— Task to complete —
Each record is to be given again precisely as written.

— Records shown —
=-=-=-=-=

(* Let $G$ be a finite group and let $M$ be a nonzero cyclic $\mathbb{B}[G]$-module (i.e. generated by a single element as a $\mathbb{B}[G]$-module). Then $M$ is a quasi-free $\mathbb{B}$-module.
   Context: $\mathbb{B}=\{0,1\}$ is the Boolean semifield with $1+1=1$, and $\mathbb{B}[G]$ is the group semiring. For a module $M$ over a semiring $R$, elements $x_1,\dots,x_n\in M$ are quasi-independent if any equation $x_i=\sum_j c_jx_j$ with $c_j\in R$ implies $c_j=\delta_{ij}$ for all $j$; a quasi-basis is a quasi-independent set of generators; $M$ is quasi-free (of finite rank $n$) if it has a quasi-basis with $n$ elements. *)

theory Defs
  imports "HOL-Algebra.Module"
begin

definition semimodule :: "('a, 'c) ring_scheme \<Rightarrow> ('a, 'b, 'd) module_scheme \<Rightarrow> bool" where
  "semimodule R M \<longleftrightarrow>
     abelian_monoid M \<and>
     (\<forall>r\<in>carrier R. \<forall>m\<in>carrier M. r \<odot>\<^bsub>M\<^esub> m \<in> carrier M) \<and>
     (\<forall>r\<in>carrier R. \<forall>s\<in>carrier R. \<forall>m\<in>carrier M.
        (r \<otimes>\<^bsub>R\<^esub> s) \<odot>\<^bsub>M\<^esub> m = r \<odot>\<^bsub>M\<^esub> (s \<odot>\<^bsub>M\<^esub> m)) \<and>
     (\<forall>r\<in>carrier R. \<forall>s\<in>carrier R. \<forall>m\<in>carrier M.
        (r \<oplus>\<^bsub>R\<^esub> s) \<odot>\<^bsub>M\<^esub> m = (r \<odot>\<^bsub>M\<^esub> m) \<oplus>\<^bsub>M\<^esub> (s \<odot>\<^bsub>M\<^esub> m)) \<and>
     (\<forall>r\<in>carrier R. \<forall>m\<in>carrier M. \<forall>n\<in>carrier M.
        r \<odot>\<^bsub>M\<^esub> (m \<oplus>\<^bsub>M\<^esub> n) = (r \<odot>\<^bsub>M\<^esub> m) \<oplus>\<^bsub>M\<^esub> (r \<odot>\<^bsub>M\<^esub> n)) \<and>
     (\<forall>m\<in>carrier M. \<one>\<^bsub>R\<^esub> \<odot>\<^bsub>M\<^esub> m = m) \<and>
     (\<forall>m\<in>carrier M. \<zero>\<^bsub>R\<^esub> \<odot>\<^bsub>M\<^esub> m = \<zero>\<^bsub>M\<^esub>) \<and>
     (\<forall>r\<in>carrier R. r \<odot>\<^bsub>M\<^esub> \<zero>\<^bsub>M\<^esub> = \<zero>\<^bsub>M\<^esub>)"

=-=-=-=-=

— Worked solution —
(* Let $G$ be a finite group and let $M$ be a nonzero cyclic $\mathbb{B}[G]$-module (i.e. generated by a single element as a $\mathbb{B}[G]$-module). Then $M$ is a quasi-free $\mathbb{B}$-module.
   Context: $\mathbb{B}=\{0,1\}$ is the Boolean semifield with $1+1=1$, and $\mathbb{B}[G]$ is the group semiring. For a module $M$ over a semiring $R$, elements $x_1,\dots,x_n\in M$ are quasi-independent if any equation $x_i=\sum_j c_jx_j$ with $c_j\in R$ implies $c_j=\delta_{ij}$ for all $j$; a quasi-basis is a quasi-independent set of generators; $M$ is quasi-free (of finite rank $n$) if it has a quasi-basis with $n$ elements. *)

theory Defs
  imports "HOL-Algebra.Module"
begin

definition semimodule :: "('a, 'c) ring_scheme \<Rightarrow> ('a, 'b, 'd) module_scheme \<Rightarrow> bool" where
  "semimodule R M \<longleftrightarrow>
     abelian_monoid M \<and>
     (\<forall>r\<in>carrier R. \<forall>m\<in>carrier M. r \<odot>\<^bsub>M\<^esub> m \<in> carrier M) \<and>
     (\<forall>r\<in>carrier R. \<forall>s\<in>carrier R. \<forall>m\<in>carrier M.
        (r \<otimes>\<^bsub>R\<^esub> s) \<odot>\<^bsub>M\<^esub> m = r \<odot>\<^bsub>M\<^esub> (s \<odot>\<^bsub>M\<^esub> m)) \<and>
     (\<forall>r\<in>carrier R. \<forall>s\<in>carrier R. \<forall>m\<in>carrier M.
        (r \<oplus>\<^bsub>R\<^esub> s) \<odot>\<^bsub>M\<^esub> m = (r \<odot>\<^bsub>M\<^esub> m) \<oplus>\<^bsub>M\<^esub> (s \<odot>\<^bsub>M\<^esub> m)) \<and>
     (\<forall>r\<in>carrier R. \<forall>m\<in>carrier M. \<forall>n\<in>carrier M.
        r \<odot>\<^bsub>M\<^esub> (m \<oplus>\<^bsub>M\<^esub> n) = (r \<odot>\<^bsub>M\<^esub> m) \<oplus>\<^bsub>M\<^esub> (r \<odot>\<^bsub>M\<^esub> n)) \<and>
     (\<forall>m\<in>carrier M. \<one>\<^bsub>R\<^esub> \<odot>\<^bsub>M\<^esub> m = m) \<and>
     (\<forall>m\<in>carrier M. \<zero>\<^bsub>R\<^esub> \<odot>\<^bsub>M\<^esub> m = \<zero>\<^bsub>M\<^esub>) \<and>
     (\<forall>r\<in>carrier R. r \<odot>\<^bsub>M\<^esub> \<zero>\<^bsub>M\<^esub> = \<zero>\<^bsub>M\<^esub>)"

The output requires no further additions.